# RIP,SImba & Prissy



## HovawartMom (Aug 10, 2006)

They were,both,my mother's dogs!.
I can't believe this and it's hitting me,like a ton of brick!.
3 Dogs,in 5 mths!.
Priska,then,last Friday,Simba and today,Prissy(our 1st,black/tan Hovawart)!.
All of you,RUN FREE,at the Rainbow Bridge!.
Simba,our Leonberger:




Prissy(black/tan Hovawart),nicknamed"THE DUCHESS":

Last pix,I took of her:


----------



## Karen519 (Aug 21, 2006)

*Golden&hovawart*

GOLDEN&HOVAWART

*I am so very sorry about Simba and Prissy.* Many times dogs that are very close seem to go to the Bridge close together.


----------



## Oaklys Dad (Dec 28, 2005)

So sorry for your recent losses. I agree that they always seem to pass in waves. My thoughts are with you.


----------



## Duke's Momma (Mar 1, 2007)

Oh, no! I'm so so sorry. Run free and play hard with Priska (& Duke), Simba, and Prissy. I wish there was something I could say, but there's not. And so close with Priska's passing. Gosh, I'm sorry.

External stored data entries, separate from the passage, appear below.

(* Let $d=4c_2-\alpha c_1$, $\ell=2c_2-\alpha c_1$, $x^*=\alpha/d$, $\hat x=\alpha/\ell$, $\delta^\sharp=\frac{d^2}{8c_2\ell+d^2}$. For every $\delta\in(0,1)$ there exists $\bar x\in(x^*,\hat x]$ such that the trigger strategy profile with cooperative level $\bar x$ is a subgame perfect equilibrium of $G^\infty(\delta)$; explicitly one may take $\bar x=\hat x$ if $\delta\ge\delta^\sharp$ and $\bar x=\frac{\alpha}{d}\cdot\frac{d^2-\delta\alpha^2c_1^2+32\delta c_2^2}{d^2-\delta\alpha^2c_1^2}$ if $\delta<\delta^\sharp$.
   Context: Fix real numbers $\alpha>0$, $c_1\in[0,\tfrac{2}{\alpha}]$ and $c_2\in[\tfrac32,2]$. The stage game $G$ (Partnership Game) has two players $i=1,2$; player $i$ chooses an effort level $x_i\in[0,\alpha]$, choices being simultaneous. Player $i$'s payoff is $$u_i(x_1,x_2)=\alpha\Big(\frac{x_1+x_2}{2}+c_1\frac{x_1x_2}{2}\Big)-c_2x_i^2 .$$ The Nash equilibrium effort of $G$ is $x^*=\frac{\alpha}{4c_2-\alpha c_1}$. For $\delta\in(0,1)$, $G^\infty(\delta)$ denotes the infinitely repeated game with perfect monitoring in which $G$ is played in periods $t=1,2,\dots$, each player observes all past action profiles, and player $i$'s payoff from a play $(a^t)_{t\ge1}$ is $\sum_{t\ge1}\delta^{t-1}u_i(a^t)$. For $\bar x\in[0,\alpha]$, the trigger strategy with cooperative level $\bar x$ is the strategy which, after history $h^t=(a^1,\dots,a^{t-1})$, plays $\bar x$ if $t=1$ or $a^s=(\bar x,\bar x)$ for all $s<t$, and plays $x^*$ otherwise. *)

theory Defs
  imports Complex_Main
begin

type_synonym profile = "real \<times> real"
type_synonym history = "profile list"
type_synonym strategy = "history \<Rightarrow> real"

definition u :: "real \<Rightarrow> real \<Rightarrow> real \<Rightarrow> nat \<Rightarrow> profile \<Rightarrow> real" where
  "u \<alpha> c1 c2 i a = \<alpha> * ((fst a + snd a) / 2 + c1 * (fst a * snd a) / 2)
      - c2 * (if i = 1 then fst a else snd a)^2"

definition is_strategy :: "real \<Rightarrow> strategy \<Rightarrow> bool" where
  "is_strategy \<alpha> s \<longleftrightarrow> (\<forall>h. s h \<in> {0..\<alpha>})"

definition is_history :: "real \<Rightarrow> history \<Rightarrow> bool" where
  "is_history \<alpha> h \<longleftrightarrow> (\<forall>a\<in>set h. fst a \<in> {0..\<alpha>} \<and> snd a \<in> {0..\<alpha>})"

fun hist :: "strategy \<Rightarrow> strategy \<Rightarrow> history \<Rightarrow> nat \<Rightarrow> history" where
  "hist s1 s2 h 0 = h"
| "hist s1 s2 h (Suc n) = hist s1 s2 h n @ [(s1 (hist s1 s2 h n), s2 (hist s1 s2 h n))]"

definition play :: "strategy \<Rightarrow> strategy \<Rightarrow> history \<Rightarrow> nat \<Rightarrow> profile" where
  "play s1 s2 h n = (s1 (hist s1 s2 h n), s2 (hist s1 s2 h n))"

definition cont_payoff :: "real \<Rightarrow> real \<Rightarrow> real \<Rightarrow> real \<Rightarrow> nat \<Rightarrow> strategy \<Rightarrow> strategy \<Rightarrow> history \<Rightarrow> real" where
  "cont_payoff \<alpha> c1 c2 \<delta> i s1 s2 h = (\<Sum>n. \<delta>^n * u \<alpha> c1 c2 i (play s1 s2 h n))"

definition is_SPE :: "real \<Rightarrow> real \<Rightarrow> real \<Rightarrow> real \<Rightarrow> strategy \<Rightarrow> strategy \<Rightarrow> bool" where
  "is_SPE \<alpha> c1 c2 \<delta> s1 s2 \<longleftrightarrow> is_strategy \<alpha> s1 \<and> is_strategy \<alpha> s2 \<and>
     (\<forall>h. is_history \<alpha> h \<longrightarrow>
        (\<forall>s'. is_strategy \<alpha> s' \<longrightarrow>
           cont_payoff \<alpha> c1 c2 \<delta> 1 s' s2 h \<le> cont_payoff \<alpha> c1 c2 \<delta> 1 s1 s2 h \<and>
           cont_payoff \<alpha> c1 c2 \<delta> 2 s1 s' h \<le> cont_payoff \<alpha> c1 c2 \<delta> 2 s1 s2 h))"

definition xstar :: "real \<Rightarrow> real \<Rightarrow> real \<Rightarrow> real" where
  "xstar \<alpha> c1 c2 = \<alpha> / (4 * c2 - \<alpha> * c1)"

definition trigger :: "real \<Rightarrow> real \<Rightarrow> real \<Rightarrow> real \<Rightarrow> strategy" where
  "trigger \<alpha> c1 c2 xbar h = (if (\<forall>a\<in>set h. a = (xbar, xbar)) then xbar else xstar \<alpha> c1 c2)"

end

theory Submission
  imports Defs
begin

text \<open>
  Let v = u(x,x) and N = u(x*,x*). The trigger profile gives player 1 the value
  V(g) = v/(1-\<delta>) after cooperative histories and N/(1-\<delta>) otherwise, and V
  satisfies the Bellman inequality u(y, T g) \<le> V g - \<delta> V(g @ [(y, T g)]) for every
  action y, with equality for y = T g. Summing the discounted inequality along any
  play telescopes to "no strategy earns more than V h", which is what trigger earns.
  Off the cooperative path the inequality holds because x* is a best reply to itself;
  on it, a deviation gains at most c2 (x - BR x)^2 today and loses \<delta>(v - N)/(1-\<delta>)
  in the future. Writing x = x* + t, that trade-off is the linear condition
  t (d^2 - \<delta> \<alpha>^2 c1^2) \<le> 32 \<delta> c2^2 x*; its largest solution is the stated
  formula, capped by the joint optimum \<alpha>/l, and the cap binds exactly when \<delta> \<ge> \<delta>#.
  Player 2 is player 1 of the game with coordinates swapped.
\<close>

definition best_response :: "real \<Rightarrow> real \<Rightarrow> real \<Rightarrow> real \<Rightarrow> real" where
  "best_response \<alpha> c1 c2 x = \<alpha> * (1 + c1 * x) / (4 * c2)"

lemma u_deviation_eq:
  fixes \<alpha> c1 c2 x y :: real
  assumes "c2 \<noteq> 0"
  defines "\<beta> \<equiv> best_response \<alpha> c1 c2 x"
  shows "u \<alpha> c1 c2 1 (y, x) = u \<alpha> c1 c2 1 (x, x) + c2 * (x - \<beta>)^2 - c2 * (y - \<beta>)^2"
proof -
  have "4 * c2 * \<beta> = \<alpha> * (1 + c1 * x)"
    using assms by (simp add: best_response_def)
  moreover have "u \<alpha> c1 c2 1 (y, x) - (u \<alpha> c1 c2 1 (x, x) + c2 * (x - \<beta>)^2 - c2 * (y - \<beta>)^2)
      = (y - x) * (\<alpha> * (1 + c1 * x) - 4 * c2 * \<beta>) / 2"
    by (simp add: u_def power2_eq_square field_simps)
  ultimately show ?thesis
    by simp
qed

lemma u_deviation_le:
  assumes "c2 > 0"
  shows "u \<alpha> c1 c2 1 (y, x) \<le> u \<alpha> c1 c2 1 (x, x) + c2 * (x - best_response \<alpha> c1 c2 x)^2"
  using u_deviation_eq[of c2 \<alpha> c1 y x] assms by simp

lemma best_response_xstar:
  assumes "c2 \<noteq> 0" "4 * c2 - \<alpha> * c1 \<noteq> 0"
  shows "best_response \<alpha> c1 c2 (xstar \<alpha> c1 c2) = xstar \<alpha> c1 c2"
proof -
  have "\<alpha> * (1 + c1 * xstar \<alpha> c1 c2) = 4 * c2 * xstar \<alpha> c1 c2"
    using assms(2) by (simp add: xstar_def field_simps)
  then show ?thesis
    using assms(1) by (simp add: best_response_def)
qed

lemma u_bounded:
  assumes "0 \<le> \<alpha>" "a \<in> {0..\<alpha>}" "b \<in> {0..\<alpha>}"
  shows "\<bar>u \<alpha> c1 c2 i (a, b)\<bar> \<le> \<alpha> * \<alpha> + \<bar>c1\<bar> * \<alpha>^3 / 2 + \<bar>c2\<bar> * \<alpha>^2"
proof -
  have ab: "0 \<le> a + b" "a + b \<le> 2 * \<alpha>" "\<bar>a * b\<bar> \<le> \<alpha>^2"
    "\<bar>(if i = 1 then a else b)^2\<bar> \<le> \<alpha>^2"
    using assms by (auto simp: abs_mult power2_eq_square intro: mult_mono)
  have "\<bar>\<alpha> * ((a + b) / 2)\<bar> \<le> \<alpha> * \<alpha>"
    using mult_left_mono[OF ab(2) assms(1)] ab(1) assms(1) by simp
  moreover have "\<bar>\<alpha> * (c1 * (a * b) / 2)\<bar> \<le> \<bar>c1\<bar> * \<alpha>^3 / 2"
    using mult_left_mono[OF ab(3), of "\<alpha> * \<bar>c1\<bar>"] assms(1)
    by (simp add: abs_mult power3_eq_cube power2_eq_square mult_ac)
  moreover have "\<bar>c2 * (if i = 1 then a else b)^2\<bar> \<le> \<bar>c2\<bar> * \<alpha>^2"
    using mult_left_mono[OF ab(4), of "\<bar>c2\<bar>"] by (simp add: abs_mult)
  moreover have "u \<alpha> c1 c2 i (a, b)
      = \<alpha> * ((a + b) / 2) + \<alpha> * (c1 * (a * b) / 2) - c2 * (if i = 1 then a else b)^2"
    by (simp add: u_def distrib_left)
  ultimately show ?thesis
    by linarith
qed

lemma u_player2_swap: "u \<alpha> c1 c2 2 a = u \<alpha> c1 c2 1 (prod.swap a)"
  by (cases a) (simp add: u_def algebra_simps)

definition swap_strategy :: "strategy \<Rightarrow> strategy" where
  "swap_strategy s h = s (map prod.swap h)"

lemma hist_swap:
  "hist s1 s2 h n = map prod.swap (hist (swap_strategy s2) (swap_strategy s1) (map prod.swap h) n)"
  by (induction n) (simp_all add: swap_strategy_def comp_def)

lemma cont_payoff_player2_swap:
  "cont_payoff \<alpha> c1 c2 \<delta> 2 s1 s2 h
     = cont_payoff \<alpha> c1 c2 \<delta> 1 (swap_strategy s2) (swap_strategy s1) (map prod.swap h)"
  unfolding cont_payoff_def play_def u_player2_swap
  by (subst (1 2) hist_swap) (simp add: swap_strategy_def comp_def)

lemma is_strategy_swap: "is_strategy \<alpha> s \<Longrightarrow> is_strategy \<alpha> (swap_strategy s)"
  by (simp add: is_strategy_def swap_strategy_def)

lemma swap_strategy_trigger: "swap_strategy (trigger \<alpha> c1 c2 x) = trigger \<alpha> c1 c2 x"
  by (auto simp: fun_eq_iff swap_strategy_def trigger_def prod.swap_def)

lemma discounted_telescoping_sums:
  fixes V :: "nat \<Rightarrow> real"
  assumes "0 \<le> \<delta>" "\<delta> < 1" and V_bound: "\<And>n. \<bar>V n\<bar> \<le> B"
  shows "(\<lambda>n. \<delta>^n * (V n - \<delta> * V (Suc n))) sums V 0"
proof -
  have "(\<lambda>n. \<delta>^n * V n) \<longlonglongrightarrow> 0"
  proof (rule tendsto_0_le[where K = 1])
    show "\<forall>\<^sub>F n in sequentially. norm (\<delta>^n * V n) \<le> norm (\<delta>^n * B) * 1"
    proof (intro always_eventually allI)
      fix n
      have "\<bar>V n\<bar> \<le> \<bar>B\<bar>"
        using V_bound order_trans abs_ge_self by blast
      then show "norm (\<delta>^n * V n) \<le> norm (\<delta>^n * B) * 1"
        using assms(1) by (simp add: abs_mult mult_left_mono)
    qed
    show "(\<lambda>n. \<delta>^n * B) \<longlonglongrightarrow> 0"
      using assms by (intro tendsto_mult_left_zero LIMSEQ_power_zero) auto
  qed
  from telescope_sums'[OF this] show ?thesis
    by (simp add: algebra_simps)
qed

Give your mother a hug from me, okay? And, then hug yourself. And, please give Titus a big wet sloppy kiss.


----------



## mullietucksmom (Mar 22, 2009)




----------



## fostermom (Sep 6, 2007)

I am so sorry. So many losses of beautiful animals in such a short time.


----------



## mainegirl (May 2, 2005)

It doesn't seem much, but i want to say how sorry i am for your and your mother's loss. prayers coming your way
beth, moose and angel


----------



## amy22 (May 11, 2008)

I am so so sorry...its so sad that they all passed so close together. My heart breakes for you and your Mom. How sad....but you have to remember they are all together waiting at the Bridge...thats what helps me deal with my losses. They are all beautiful dogs.... xxoo


----------



## Abbydabbydo (Jan 31, 2007)

I am so sorry for all of your losses....


----------



## BeauShel (May 20, 2007)

Oh I am so sorry for all the recent losses in your life. Sometimes we dont understand why it happens the way it does but one day the answer will come. Please give your Mom my condolences. May the love you shared help to comfort you in your time of grief. My heart really hurts for you. 
Run Free Simba and Prissy.


----------



## HovawartMom (Aug 10, 2006)

We,really,had a ****** 6mths,with dogs and it's so hard to explain to kids!.
I know it's life but it doesn't make it,any easier!.


----------



## AmberSunrise (Apr 1, 2009)

I am so sorry for your losses .. that is really tough

Run free at the bridge all 3 Priska, Simba Prissy


----------



## Bell (Jan 23, 2010)

I lost 3 of my 4 pets(2 dogs one cat) In a year-between 2007 and 2008.So i understand your pain.It does seem to come in waves..Why-i don't know.Sorry for your losses.


----------



## goldensmum (Oct 23, 2007)

Please pass my condolences to your Mum, and for you too


----------



## sharlin (Feb 26, 2007)

Play Hard Sweet Children ~ Godspeed & Love


----------



## coppers-mom (Jan 9, 2009)

I am truly sorry you and your mom have lost your lovely dogs and in such a short time! I would be devastated and have a hard time coping.

They were all beautiful.


----------



## Bob Dylan (Mar 31, 2009)

I am so sorry for your loss, my Daughter loss her dogs within three weeks of each other in December. I know the pain your Mom and you are going through, please give her Hugs & Kisses from us, also Hugs & Kisses for you.
I will keep you and your Mom in my prayers.
June


----------



## HovawartMom (Aug 10, 2006)

sharlin said:


> Play Hard Sweet Children ~ Godspeed & Love


Love it!.
I would love it if you could,also,do one,for each of them!.
Thanks-you so much,Laurie


----------



## Hudson (May 18, 2005)

So very sorry you and your Mum ,have had so much grief in such a short time.RIP Prissy, Simba and Priska.


----------